I Fought the Flaw and the Flaw Won
Perhaps the problem is not that current security solutions are inadequate, but that they are not properly implemented.
IT security is not well understood and, therefore, is under-deployed, Steven Sprague, CEO of Wave Systems, told TechNewsWorld.
"We need to get down to basics and make sure the basics are done well," he said. "We need to follow guidance that already exists and test implementations."
Saying existing security technology has been proven inadequate because of the ease with which hackers trample all over the IT infrastructures they invade is "a bit like saying seat belts are a failed technology because they didn't save the life of someone in a car wreck that decided not to buckle their seat belt," Francis Brown, managing partner at Stach & Liu, told TechNewsWorld.
"The failure was not of the technology," he said.
In fact, focusing on new technologies and hoping for a new silver bullet that will "radically reshape" the state of information security is "a distraction, not a step in the direction of actually addressing existing issues," Brown remarked.
For example, the Sony PlayStation Network was hacked because Sony failed to put up a firewall to protect its servers and canned its network security staff a few weeks before the breach, he asserted.
Cash Won't Help Security Clunkers
Spending lavishly on IT security won't work, according to Brown.
Although intrusion detection and prevention systems are "valuable tools" for enterprise security, they are often improperly implemented, he pointed out.
Often, these tools have been tuned down to the point where they'll only notice the most blatant attacks, Brown said. "It's a bit like relying on a smoke alarm to save you from a house fire after you've removed the batteries from it because it was annoying you."
Companies should invest in setting up the processes and training staff to effectively use their IT security products, Brown recommended.

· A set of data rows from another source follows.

(* Fix $b\in\mathbb{N}$ and let $\Lambda:\mathbb{N}\times\mathbb{N}\to\mathbb{C}$ be a bounded function such that for each $k\in\mathbb{N}$ the limit \[ M_{b,k}(\Lambda)=\lim_{N\to\infty}\frac{\sum_{(r,s)\in T_{N,b,k}}\Lambda(r,s)}{|T_{N,b,k}|} \] exists, where $T_{N,b,k}=\{(r,s): 0<r,s\le N,\ \gcd_b(r,s)=k\}$. Let $\zeta_{\Lambda,b}(s)=\sum_{k=1}^\infty M_{b,k}(\Lambda)k^{-s}$. Then $\zeta_{\Lambda,b}(s)$ converges at $s=b+1$, the mean value $M(\Lambda)$ exists, and \[ M(\Lambda)=\frac{\zeta_{\Lambda,b}(b+1)}{\zeta(b+1)}, \] where $\zeta$ is the Riemann zeta function.
   Context: For $r,s\in\mathbb{N}$, $\gcd_b(r,s)=\max\{k\in\mathbb{N} : k\mid r \text{ and } k^b\mid s\}$. For $N\in\mathbb{N}$ let $T_N=\{(r,s): 0<r,s\le N\}$; the mean value of $\Lambda$ is $M(\Lambda)=\lim_{N\to\infty}\frac{1}{N^2}\sum_{(r,s)\in T_N}\Lambda(r,s)$. *)

theory Defs
  imports "HOL-Analysis.Analysis"
begin

definition gcdb :: "nat \<Rightarrow> nat \<Rightarrow> nat \<Rightarrow> nat" where
  "gcdb b r s = Max {k. k dvd r \<and> k ^ b dvd s}"

definition TN :: "nat \<Rightarrow> (nat \<times> nat) set" where
  "TN N = {(r, s). 0 < r \<and> r \<le> N \<and> 0 < s \<and> s \<le> N}"

definition TNbk :: "nat \<Rightarrow> nat \<Rightarrow> nat \<Rightarrow> (nat \<times> nat) set" where
  "TNbk N b k = {(r, s). (r, s) \<in> TN N \<and> gcdb b r s = k}"
(* Assume model $\mathcal M_{\mathrm s}$ and $\alpha\in(0,1]$. Let $\mathbb T^A\in\mathcal T_\alpha$, $t_0\ge1$, and let $\{x_t,s_t:1\le t\le t_0\}$ be any sequence in the support of the process $\{(X_{k,t})_{k\in S^A_t},S^A_t:1\le t\le t_0\}$ generated by $\mathbb T^A$. Then there exist $\mathcal S_{\mathrm o}$-valued random variables $(\hat W,\hat W')$ on a common probability space such that $\hat W$ has the conditional law of $[(W^{G(t_0)}_{k,t_0+1})_{k\in S^{G(t_0)}_{t_0+1}}]$ given $\{(X_{k,t})_{k\in S^A_t}=x_t,\ S^A_t=s_t,\ 1\le t\le t_0\}$, $\hat W'$ has the conditional law of $[(W^{G(t_0+1)}_{k,t_0+1})_{k\in S^{G(t_0+1)}_{t_0+1}}]$ given the same event, and $\hat W\preccurlyeq\hat W'$ almost surely.
   Context: There are $K\ge1$ data streams. Each stream $k$ has a change point $\tau_k\in\{0,1,2,\dots\}\cup\{\infty\}$. Observations $X_{k,t}$ ($1\le k\le K$, $t=1,2,\dots$) are, conditionally on $(\tau_1,\dots,\tau_K)$, independent over $k$ and $t$, with $X_{k,t}$ having density $p_{k,t}$ if $t\le\tau_k$ and $q_{k,t}$ if $t>\tau_k$ with respect to a baseline measure $\mu$. Model $\mathcal M_{\mathrm s}$: $\tau_1,\dots,\tau_K$ are i.i.d. with $\mathbb P(\tau_k=m)=\theta(1-\theta)^m$, $m=0,1,2,\dots$, for some $\theta\in(0,1)$, and $p_{k,t}=p$, $q_{k,t}=q$ for all $k,t$. A compound sequential detection procedure consists of index sets $S_1=\{1,\dots,K\}\supseteq S_2\supseteq\cdots$ and a filtration defined inductively by $\mathcal F_1=\sigma(X_{k,1}:1\le k\le K)$ and $\mathcal F_t=\sigma(\mathcal F_{t-1},S_t,X_{k,t}:k\in S_t)$ for $t>1$, where $S_t$ is required to be $\mathcal F_{t-1}$-measurable. $\mathcal T$ is the set of all such procedures. For $t\ge1$, $\mathrm{FNP}_{t+1}(\mathbb T)=\sum_{k\in S_{t+1}}\mathbf 1(\tau_k<t)/(|S_{t+1}|\vee1)$, $\mathrm{LFNR}_{t+1}(\mathbb T)=\mathbb E(\mathrm{FNP}_{t+1}(\mathbb T)\mid\mathcal F_t)$, $\mathrm{LFNR}_1(\mathbb T)=0$. $\mathcal T_\alpha=\{\mathbb T\in\mathcal T:\mathrm{LFNR}_t(\mathbb T)\le\alpha\text{ a.s. for all }t\ge1\}$. Posterior probabilities: $W_{k,t}=\mathbb P(\tau_k<t\mid\mathcal F_t)$. One-step update rule: given $\alpha$, $S_t$ and $(W_{k,t})_{k\in S_t}$, write $S_t=\{k_1,\dots,k_m\}$ ordered so that $W_{k_1,t}\le\cdots\le W_{k_m,t}$, ties broken so that $k_i<k_{i+1}$ when $W_{k_i,t}=W_{k_{i+1},t}$; set $R_0=0$ and $R_n=\frac1n\sum_{i=1}^nW_{k_i,t}$; let $n$ be the largest element of $\{0,\dots,m\}$ with $R_n\le\alpha$; output $S_{t+1}=\{k_1,\dots,k_n\}$ ($\emptyset$ if $n=0$). Switching procedure: for $\mathbb T^A\in\mathcal T_\alpha$ with active sets $S^A_t$ and $t_0\ge0$, $\mathbb T^{G(t_0)}$ is the procedure with $S^{G(t_0)}_t=S^A_t$ for $1\le t\le t_0$ and, for every $t\ge\max(t_0,1)$, $S^{G(t_0)}_{t+1}$ equal to the output of the one-step rule applied to $S^{G(t_0)}_t$ and its own posteriors $W^{G(t_0)}_{k,t}=\mathbb P(\tau_k<t\mid\mathcal F^{G(t_0)}_t)$. $\mathcal S_{\mathrm o}=\bigcup_{m=1}^K\{(v_1,\dots,v_m)\in[0,1]^m:v_1\le\cdots\le v_m\}\cup\{\varnothing\}$, where $\varnothing$ is the vector of length $0$; $\dim(\mathbf u)$ is the length of $\mathbf u$. Partial order: for $\mathbf u,\mathbf v\in\mathcal S_{\mathrm o}$, $\mathbf u\preccurlyeq\mathbf v$ iff $\dim(\mathbf u)\ge\dim(\mathbf v)$ and $u_i\le v_i$ for $i=1,\dots,\dim(\mathbf v)$ (in particular $\mathbf u\preccurlyeq\varnothing$ for all $\mathbf u$). For a finite vector $\mathbf v$, $[\mathbf v]$ is its order statistic (components sorted increasingly), $[\varnothing]=\varnothing$. *)

theory Defs
  imports "HOL-Probability.Probability"
begin

(* Under model M_s, P(tau_k = infinity) = 0, so tau_k ranges over nat. *)

definition Tau :: "nat \<Rightarrow> (nat \<Rightarrow> nat) set" where
  "Tau K = {\<tau>. \<forall>k. k \<notin> {1..K} \<longrightarrow> \<tau> k = 0}"

definition prior :: "real \<Rightarrow> nat \<Rightarrow> (nat \<Rightarrow> nat) \<Rightarrow> real" where
  "prior \<theta> K \<tau> = (\<Prod>k\<in>{1..K}. \<theta> * (1 - \<theta>) ^ (\<tau> k))"

definition obs_dens :: "('x \<Rightarrow> real) \<Rightarrow> ('x \<Rightarrow> real) \<Rightarrow> nat \<Rightarrow> nat \<Rightarrow> 'x \<Rightarrow> real" where
  "obs_dens p q m t x = (if t \<le> m then p x else q x)"

(* An observed history up to time t is a list of length t whose (i+1)-th entry
   (index i) is (S_{i+1}, x_{i+1}), x_{i+1} k being the observed value X_{k,i+1}
   for k in S_{i+1}. *)
type_synonym 'x history = "(nat set \<times> (nat \<Rightarrow> 'x)) list"

(* density (w.r.t. the product of the baseline measure) of the observed
   history given the change points (the selection indicators of an adaptive
   procedure do not depend on tau and cancel in every conditional law) *)
definition lik :: "('x \<Rightarrow> real) \<Rightarrow> ('x \<Rightarrow> real) \<Rightarrow> 'x history \<Rightarrow> (nat \<Rightarrow> nat) \<Rightarrow> real" where
  "lik p q h \<tau> = (\<Prod>i<length h. \<Prod>k\<in>fst (h ! i). obs_dens p q (\<tau> k) (Suc i) (snd (h ! i) k))"

definition mdens :: "real \<Rightarrow> nat \<Rightarrow> ('x \<Rightarrow> real) \<Rightarrow> ('x \<Rightarrow> real) \<Rightarrow> 'x history \<Rightarrow> real" where
  "mdens \<theta> K p q h = (\<Sum>\<^sub>\<infinity>\<tau>\<in>Tau K. prior \<theta> K \<tau> * lik p q h \<tau>)"

definition cexp :: "real \<Rightarrow> nat \<Rightarrow> ('x \<Rightarrow> real) \<Rightarrow> ('x \<Rightarrow> real) \<Rightarrow> 'x history
                     \<Rightarrow> ((nat \<Rightarrow> nat) \<Rightarrow> real) \<Rightarrow> real" where
  "cexp \<theta> K p q h f = (\<Sum>\<^sub>\<infinity>\<tau>\<in>Tau K. prior \<theta> K \<tau> * lik p q h \<tau> * f \<tau>) / mdens \<theta> K p q h"

(* posterior probability W_{k,t} = P(tau_k < t | F_t), t = length h *)
definition Wpost :: "real \<Rightarrow> nat \<Rightarrow> ('x \<Rightarrow> real) \<Rightarrow> ('x \<Rightarrow> real) \<Rightarrow> 'x history \<Rightarrow> nat \<Rightarrow> real" where
  "Wpost \<theta> K p q h k = cexp \<theta> K p q h (\<lambda>\<tau>. if \<tau> k < length h then 1 else 0)"

definition FNP :: "nat \<Rightarrow> nat set \<Rightarrow> (nat \<Rightarrow> nat) \<Rightarrow> real" where
  "FNP t S \<tau> = (\<Sum>k\<in>S. if \<tau> k < t then 1 else 0) / real (max (card S) 1)"

(* A procedure is a map A from observed histories of length t >= 1 to S_{t+1};
   S_1 = {1..K} always. *)
definition consistent :: "nat \<Rightarrow> ('x history \<Rightarrow> nat set) \<Rightarrow> 'x history \<Rightarrow> bool" where
  "consistent K A h \<longleftrightarrow>
     (h \<noteq> [] \<longrightarrow> fst (h ! 0) = {1..K}) \<and>
     (\<forall>i. Suc i < length h \<longrightarrow> fst (h ! Suc i) = A (take (Suc i) h))"

definition is_procedure :: "nat \<Rightarrow> ('x history \<Rightarrow> nat set) \<Rightarrow> bool" where
  "is_procedure K A \<longleftrightarrow> (\<forall>h. consistent K A h \<and> h \<noteq> [] \<longrightarrow> A h \<subseteq> fst (last h))"

(* LFNR_{t+1} = E(FNP_{t+1} | F_t) at the observed history h of length t *)
definition LFNR :: "real \<Rightarrow> nat \<Rightarrow> ('x \<Rightarrow> real) \<Rightarrow> ('x \<Rightarrow> real) \<Rightarrow> ('x history \<Rightarrow> nat set)
                     \<Rightarrow> 'x history \<Rightarrow> real" where
  "LFNR \<theta> K p q A h = cexp \<theta> K p q h (FNP (length h) (A h))"

definition in_support :: "real \<Rightarrow> nat \<Rightarrow> 'x measure \<Rightarrow> ('x \<Rightarrow> real) \<Rightarrow> ('x \<Rightarrow> real)
                          \<Rightarrow> ('x history \<Rightarrow> nat set) \<Rightarrow> 'x history \<Rightarrow> bool" where
  "in_support \<theta> K M p q A h \<longleftrightarrow> consistent K A h \<and>
     (\<forall>i<length h. snd (h ! i) \<in> (\<Pi>\<^sub>E k\<in>fst (h ! i). space M)) \<and>
     mdens \<theta> K p q h > 0"

definition T_alpha :: "real \<Rightarrow> real \<Rightarrow> nat \<Rightarrow> 'x measure \<Rightarrow> ('x \<Rightarrow> real) \<Rightarrow> ('x \<Rightarrow> real)
                       \<Rightarrow> ('x history \<Rightarrow> nat set) \<Rightarrow> bool" where
  "T_alpha \<alpha> \<theta> K M p q A \<longleftrightarrow> is_procedure K A \<and>
     (\<forall>h. in_support \<theta> K M p q A h \<and> length h \<ge> 1 \<longrightarrow> LFNR \<theta> K p q A h \<le> \<alpha>)"

definition order_by :: "(nat \<Rightarrow> real) \<Rightarrow> nat set \<Rightarrow> nat list" where
  "order_by W S = (THE ks. distinct ks \<and> set ks = S \<and>
      sorted_wrt (\<lambda>i j. W i < W j \<or> (W i = W j \<and> i < j)) ks)"

definition R_avg :: "(nat \<Rightarrow> real) \<Rightarrow> nat list \<Rightarrow> nat \<Rightarrow> real" where
  "R_avg W ks n = (if n = 0 then 0 else (\<Sum>i<n. W (ks ! i)) / real n)"

definition onestep :: "real \<Rightarrow> nat set \<Rightarrow> (nat \<Rightarrow> real) \<Rightarrow> nat set" where
  "onestep \<alpha> S W =
     (let ks = order_by W S;
          n = (GREATEST n. n \<le> length ks \<and> R_avg W ks n \<le> \<alpha>)
      in set (take n ks))"

definition switch :: "real \<Rightarrow> nat \<Rightarrow> ('x \<Rightarrow> real) \<Rightarrow> ('x \<Rightarrow> real) \<Rightarrow> real
                      \<Rightarrow> ('x history \<Rightarrow> nat set) \<Rightarrow> nat \<Rightarrow> ('x history \<Rightarrow> nat set)" where
  "switch \<theta> K p q \<alpha> A t0 = (\<lambda>h. if length h < t0 then A h
                                  else onestep \<alpha> (fst (last h)) (Wpost \<theta> K p q h))"

(* measurable space of finite real vectors (lists): disjoint union of R^n *)
definition list_borel :: "real list measure" where
  "list_borel = sigma UNIV
     (range (\<lambda>n. {xs. length xs = n}) \<union>
      {{xs. i < length xs \<and> xs ! i \<in> B} | i B. B \<in> sets borel})"
(* The elements $y_1+y_2+x_3$ and $y_1+y_2+y_3$ are perfect in $D^{2,2,2}$.
   Context: $D^{2,2,2}$ is the modular lattice generated by $x_1,y_1,x_2,y_2,x_3,y_3$ subject only to $x_i\subseteq y_i$ ($i=1,2,3$), with a greatest element $I$ adjoined. Join is written $a+b$. A representation $\rho$ of $D^{2,2,2}$ in a finite-dimensional vector space $X$ is a lattice morphism from $D^{2,2,2}$ to the subspace lattice of $X$, with $\rho(I)=X$. It is indecomposable if $X\neq0$ and there is no decomposition $X=X'\oplus X''$ with $X',X''\neq0$ and $\rho(a)=(\rho(a)\cap X')+(\rho(a)\cap X'')$ for all $a$. An element $a$ is perfect if $\rho(a)\in\{0,X\}$ for every indecomposable representation $\rho$ in a space $X$. *)

theory Defs
  imports "HOL-Analysis.Analysis"
begin

datatype idx = I1 | I2 | I3

text \<open>Lattice terms over the generators x_i, y_i of D^{2,2,2} and the adjoined top I.
  Every element of D^{2,2,2} is the value of such a term.\<close>
datatype lterm = Gx idx | Gy idx | Join lterm lterm | Meet lterm lterm | Top

definition ssum :: "('k::field ^ 'n) set \<Rightarrow> ('k ^ 'n) set \<Rightarrow> ('k ^ 'n) set" where
  "ssum A B = {u + v | u v. u \<in> A \<and> v \<in> B}"

text \<open>A representation of D^{2,2,2} in X = k^n is determined by the images of the
  generators: subspaces rx i \<subseteq> ry i.  (D^{2,2,2} is free modular on these generators
  subject to x_i \<subseteq> y_i, so these are exactly the lattice morphisms with I \<mapsto> X.)\<close>
definition is_rep :: "(idx \<Rightarrow> ('k::field ^ 'n::finite) set) \<Rightarrow> (idx \<Rightarrow> ('k ^ 'n) set) \<Rightarrow> bool" where
  "is_rep rx ry \<longleftrightarrow> (\<forall>i. vec.subspace (rx i) \<and> vec.subspace (ry i) \<and> rx i \<subseteq> ry i)"

fun reval :: "(idx \<Rightarrow> ('k::field ^ 'n::finite) set) \<Rightarrow> (idx \<Rightarrow> ('k ^ 'n) set) \<Rightarrow> lterm \<Rightarrow> ('k ^ 'n) set" where
  "reval rx ry (Gx i) = rx i"
| "reval rx ry (Gy i) = ry i"
| "reval rx ry (Join a b) = ssum (reval rx ry a) (reval rx ry b)"
| "reval rx ry (Meet a b) = reval rx ry a \<inter> reval rx ry b"
| "reval rx ry Top = UNIV"

definition indecomposable :: "(idx \<Rightarrow> ('k::field ^ 'n::finite) set) \<Rightarrow> (idx \<Rightarrow> ('k ^ 'n) set) \<Rightarrow> bool" where
  "indecomposable rx ry \<longleftrightarrow> is_rep rx ry \<and> (UNIV :: ('k ^ 'n) set) \<noteq> {0} \<and>
     \<not> (\<exists>X1 X2. vec.subspace X1 \<and> vec.subspace X2 \<and> X1 \<noteq> {0} \<and> X2 \<noteq> {0} \<and>
          X1 \<inter> X2 = {0} \<and> ssum X1 X2 = UNIV \<and>
          (\<forall>a. reval rx ry a = ssum (reval rx ry a \<inter> X1) (reval rx ry a \<inter> X2)))"

definition perfect :: "'k::field itself \<Rightarrow> 'n::finite itself \<Rightarrow> lterm \<Rightarrow> bool" where
  "perfect _ _ a \<longleftrightarrow> (\<forall>(rx :: idx \<Rightarrow> ('k ^ 'n) set) ry. indecomposable rx ry \<longrightarrow>
      reval rx ry a = {0} \<or> reval rx ry a = UNIV)"

end

theory Submission
  imports Defs
begin
lemma abs_termG_le:
  assumes "1 \<le> k" "c < n"
  shows "\<bar>termG \<sigma> \<sigma>' n m F G x \<gamma> t k c d\<bar> \<le> 2 * real m * sqrt \<gamma> ^ k"
proof -
  have "\<bar>termG \<sigma> \<sigma>' n m F G x \<gamma> t k c d\<bar>
      = \<bar>\<gamma> ^ k * eHm \<sigma> \<sigma>' n m F G x t k c\<bar> * \<bar>aug m (x (t + k)) d\<bar>"
    by (simp add: termG_def abs_mult)
  also have "\<dots> \<le> 2 * real m * sqrt \<gamma> ^ k * 1"
    using abs_gamma_pow_eHm_le[OF assms] x_bound \<gamma>_pos
    by (intro mult_mono) (auto simp: aug_def)
  finally show ?thesis by simp
qed

context
  assumes \<gamma>_less_one: "\<gamma> < 1"
begin

lemma sqrt_gamma_bounds: "0 \<le> sqrt \<gamma>" "sqrt \<gamma> < 1"
  using \<gamma>_pos \<gamma>_less_one by simp_all

lemma summable_termF:
  assumes "a < n"
  shows "summable (\<lambda>k. termF \<sigma> \<sigma>' n m F G x \<gamma> t (Suc k) a b)"
  using assms abs_termF_le by (intro summable_shift_if_geometric_bound[OF _ sqrt_gamma_bounds])

lemma summable_termG:
  assumes "c < n"
  shows "summable (\<lambda>k. termG \<sigma> \<sigma>' n m F G x \<gamma> t (Suc k) c d)"
  using assms abs_termG_le by (intro summable_shift_if_geometric_bound[OF _ sqrt_gamma_bounds])

lemma abs_DF_inf_minus_DF_K_le:
  assumes "a < n"
  shows "\<bar>DF_inf \<sigma> \<sigma>' n m F G x \<gamma> T a b - DF_K \<sigma> \<sigma>' n m F G x \<gamma> T K a b\<bar>
    \<le> T * (2 * real m * sqrt \<gamma> ^ Suc K / (1 - sqrt \<gamma>))"
proof -
  have "\<bar>DF_inf \<sigma> \<sigma>' n m F G x \<gamma> T a b - DF_K \<sigma> \<sigma>' n m F G x \<gamma> T K a b\<bar>
      \<le> card {1..T} * (2 * real m * sqrt \<gamma> ^ Suc K / (1 - sqrt \<gamma>))"
    unfolding DF_inf_def DF_K_def
    by (rule abs_sum_suminf_shift_minus_sum_le[OF _ sqrt_gamma_bounds]) (simp add: abs_termF_le assms)
  then show ?thesis by simp
qed
lemma orthonormal_mat_block_diag:
  assumes "orthonormal_mat m Q"
  shows "orthonormal_mat (Suc m) (four_block_mat (1\<^sub>m 1) (0\<^sub>m 1 m) (0\<^sub>m m 1) Q)"
proof -
  have Q: "Q \<in> carrier_mat m m" and QQ: "transpose_mat Q * Q = 1\<^sub>m m"
    using assms unfolding orthonormal_mat_def by auto
  let ?Q1 = "four_block_mat (1\<^sub>m 1) (0\<^sub>m 1 m) (0\<^sub>m m 1) Q"
  have "transpose_mat ?Q1 = four_block_mat (1\<^sub>m 1) (0\<^sub>m 1 m) (0\<^sub>m m 1) (transpose_mat Q)"
    using transpose_four_block_mat[of "1\<^sub>m 1" 1 1 "0\<^sub>m 1 m" m "0\<^sub>m m 1" m Q] Q by simp
  also have "\<dots> * ?Q1 = four_block_mat (1\<^sub>m 1 * 1\<^sub>m 1 + 0\<^sub>m 1 m * 0\<^sub>m m 1) (1\<^sub>m 1 * 0\<^sub>m 1 m + 0\<^sub>m 1 m * Q)
      (0\<^sub>m m 1 * 1\<^sub>m 1 + transpose_mat Q * 0\<^sub>m m 1) (0\<^sub>m m 1 * 0\<^sub>m 1 m + transpose_mat Q * Q)"
    by (rule mult_four_block_mat) (use Q in auto)
  finally have "transpose_mat ?Q1 * ?Q1 = four_block_mat (1\<^sub>m 1) (0\<^sub>m 1 m) (0\<^sub>m m 1) (1\<^sub>m m)"
    using Q QQ by simp
  moreover have "?Q1 \<in> carrier_mat (Suc m) (Suc m)"
    using four_block_carrier_mat[OF one_carrier_mat[of 1] Q] by simp
  ultimately show ?thesis unfolding orthonormal_mat_def by simp
qed

lemma mat_diag_Suc_block:
  "mat_diag (Suc m) (case_nat c d) = four_block_mat (mat_diag 1 (\<lambda>_. c)) (0\<^sub>m 1 m) (0\<^sub>m m 1) (mat_diag m d)"
  by (rule eq_matI) (auto simp: mat_diag_def split: nat.split)

lemma orthogonal_diagonalization_block_diag:
  fixes Q :: "real mat"
  assumes Q: "Q \<in> carrier_mat m m"
  defines "Q1 \<equiv> four_block_mat (1\<^sub>m 1) (0\<^sub>m 1 m) (0\<^sub>m m 1) Q"
  shows "four_block_mat (mat_diag 1 (\<lambda>_. c)) (0\<^sub>m 1 m) (0\<^sub>m m 1) (Q * mat_diag m d * transpose_mat Q)
    = Q1 * mat_diag (Suc m) (case_nat c d) * transpose_mat Q1"
proof -
  let ?D1 = "mat_diag 1 (\<lambda>_. c)"
  have "Q1 * mat_diag (Suc m) (case_nat c d)
      = four_block_mat (1\<^sub>m 1 * ?D1 + 0\<^sub>m 1 m * 0\<^sub>m m 1) (1\<^sub>m 1 * 0\<^sub>m 1 m + 0\<^sub>m 1 m * mat_diag m d)
          (0\<^sub>m m 1 * ?D1 + Q * 0\<^sub>m m 1) (0\<^sub>m m 1 * 0\<^sub>m 1 m + Q * mat_diag m d)"
    unfolding Q1_def mat_diag_Suc_block by (rule mult_four_block_mat) (use Q in auto)
  also have "\<dots> = four_block_mat ?D1 (0\<^sub>m 1 m) (0\<^sub>m m 1) (Q * mat_diag m d)"
    using Q by simp
  finally have left: "Q1 * mat_diag (Suc m) (case_nat c d) = \<dots>" .
  have right: "transpose_mat Q1 = four_block_mat (1\<^sub>m 1) (0\<^sub>m 1 m) (0\<^sub>m m 1) (transpose_mat Q)"
    unfolding Q1_def
    using transpose_four_block_mat[of "1\<^sub>m 1" 1 1 "0\<^sub>m 1 m" m "0\<^sub>m m 1" m Q] Q by simp
  have "four_block_mat ?D1 (0\<^sub>m 1 m) (0\<^sub>m m 1) (Q * mat_diag m d) * transpose_mat Q1
      = four_block_mat (?D1 * 1\<^sub>m 1 + 0\<^sub>m 1 m * 0\<^sub>m m 1) (?D1 * 0\<^sub>m 1 m + 0\<^sub>m 1 m * transpose_mat Q)
          (0\<^sub>m m 1 * 1\<^sub>m 1 + Q * mat_diag m d * 0\<^sub>m m 1) (0\<^sub>m m 1 * 0\<^sub>m 1 m + Q * mat_diag m d * transpose_mat Q)"
    unfolding right by (rule mult_four_block_mat) (use Q in auto)
  also have "\<dots> = four_block_mat ?D1 (0\<^sub>m 1 m) (0\<^sub>m m 1) (Q * mat_diag m d * transpose_mat Q)"
    using Q left_add_zero_mat[of "Q * mat_diag m d * transpose_mat Q" m m]
    by (simp add: mult_carrier_mat[of _ m m _ m])
  finally show ?thesis unfolding left by simp
qed

lemma symmetric_mat_has_real_eigenvector:
  fixes A :: "real mat"
  assumes A: "A \<in> carrier_mat n n" and n: "n > 0" and sym: "transpose_mat A = A"
  shows "\<exists>l v. v \<in> carrier_vec n \<and> v \<noteq> 0\<^sub>v n \<and> A *\<^sub>v v = l \<cdot>\<^sub>v v"
proof -
  let ?Ac = "map_mat complex_of_real A"
  have Ac: "?Ac \<in> carrier_mat n n" using A by auto
  obtain zs where zs: "char_poly ?Ac = (\<Prod>z\<leftarrow>zs. [:- z, 1:])" "length zs = n"
    using char_poly_factorized[OF Ac] by blast
  then obtain z where "z \<in> set zs" using n by (cases zs) auto
  then have root: "poly (char_poly ?Ac) z = 0"
    unfolding zs(1) poly_prod_list prod_list_zero_iff by auto
  then obtain w where w: "w \<in> carrier_vec n" "w \<noteq> 0\<^sub>v n" "?Ac *\<^sub>v w = z \<cdot>\<^sub>v w"
    using eigenvalue_root_char_poly[OF Ac] Ac unfolding eigenvalue_def eigenvector_def by auto
  \<comment> \<open>The Hermitian form \<open>w\<^sup>* A w = z \<parallel>w\<parallel>\<^sup>2\<close> is real, hence so is \<open>z\<close>.\<close>
  define s where "s = (\<Sum>i<n. \<Sum>j<n. cnj (w$i) * ?Ac $$ (i,j) * w$j)"
  define r where "r = (\<Sum>i<n. (cmod (w$i))\<^sup>2)"
  have "s = (\<Sum>i<n. cnj (w$i) * (?Ac *\<^sub>v w)$i)"
    unfolding s_def using Ac w(1)
    by (auto simp: scalar_prod_def sum_distrib_left atLeast0LessThan ac_simps intro!: sum.cong)
  also have "\<dots> = z * r"
  proof -
    have "cnj a * (z * a) = z * complex_of_real ((cmod a)\<^sup>2)" for a
      by (subst complex_norm_square) (simp add: ac_simps)
    then have "cnj (w$i) * (z \<cdot>\<^sub>v w)$i = z * complex_of_real ((cmod (w$i))\<^sup>2)" if "i < n" for i
      using that w(1) by simp
    then show ?thesis unfolding w(3) r_def of_real_sum sum_distrib_left by (intro sum.cong) auto
  qed
  finally have s_eq: "s = z * complex_of_real r" .
  have "cnj s = (\<Sum>j<n. \<Sum>i<n. w$i * ?Ac $$ (i,j) * cnj (w$j))"
    unfolding s_def using A by (subst sum.swap) (simp add: ac_simps)
  also have "\<dots> = s"
  proof -
    have "A $$ (j,i) = A $$ (i,j)" if "i < n" "j < n" for i j
      using arg_cong[OF sym, of "\<lambda>B. B $$ (i,j)"] A that by auto
    then show ?thesis unfolding s_def using A by (intro sum.cong refl) (auto simp: ac_simps)
  qed
  finally have "cnj s = s" .
  moreover have "r \<noteq> 0"
  proof
    assume "r = 0"
    then have "\<forall>i\<in>{..<n}. (cmod (w$i))\<^sup>2 = 0"
      unfolding r_def by (subst (asm) sum_nonneg_eq_0_iff) auto
    then have "w = 0\<^sub>v n" using w(1) by (intro eq_vecI) auto
    then show False using w(2) by simp
  qed
  ultimately have "cnj z = z"
    using s_eq by (metis complex_cnj_complex_of_real complex_cnj_mult mult_cancel_right of_real_eq_0_iff)
  then have z_real: "z = complex_of_real (Re z)" using Reals_cnj_iff of_real_Re by metis
  have "complex_of_real (poly (char_poly A) (Re z)) = poly (char_poly ?Ac) z"
    by (subst z_real) (simp add: of_real_hom.char_poly_hom[OF A] of_real_hom.poly_map_poly)
  then have "eigenvalue A (Re z)"
    using root eigenvalue_root_char_poly[OF A] by simp
  then show ?thesis unfolding eigenvalue_def eigenvector_def using A by auto
qed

"Corporations will spend their limited resources -- time, budget and personnel -- on the latest and greatest mobile device security gizmo," he observed, "while they have servers with blank passwords, databases with default administrative passwords, unpatched software, intrusion-detection systems generating logs that nobody ever looks at, and other failures to sustain basic security functions."
Keep Things Simple
From the technology perspective, implementing stronger security in the operating system and Web browser is a cost-effective way to secure IT systems, Todd Feinman, CEO of Identity Finder, told TechNewsWorld.
"Block a virus at the operating system instead of training an employee to use new software," Feinman suggested. "Block phishing sites at the browser, so users don't load the next page purporting to need their password or bank account information."
Other simple things an enterprise can do include wiping "as much historic data containing sensitive information as possible," said Feinman, so that if a hacker gets through, "the most important assets of the company are not compromised."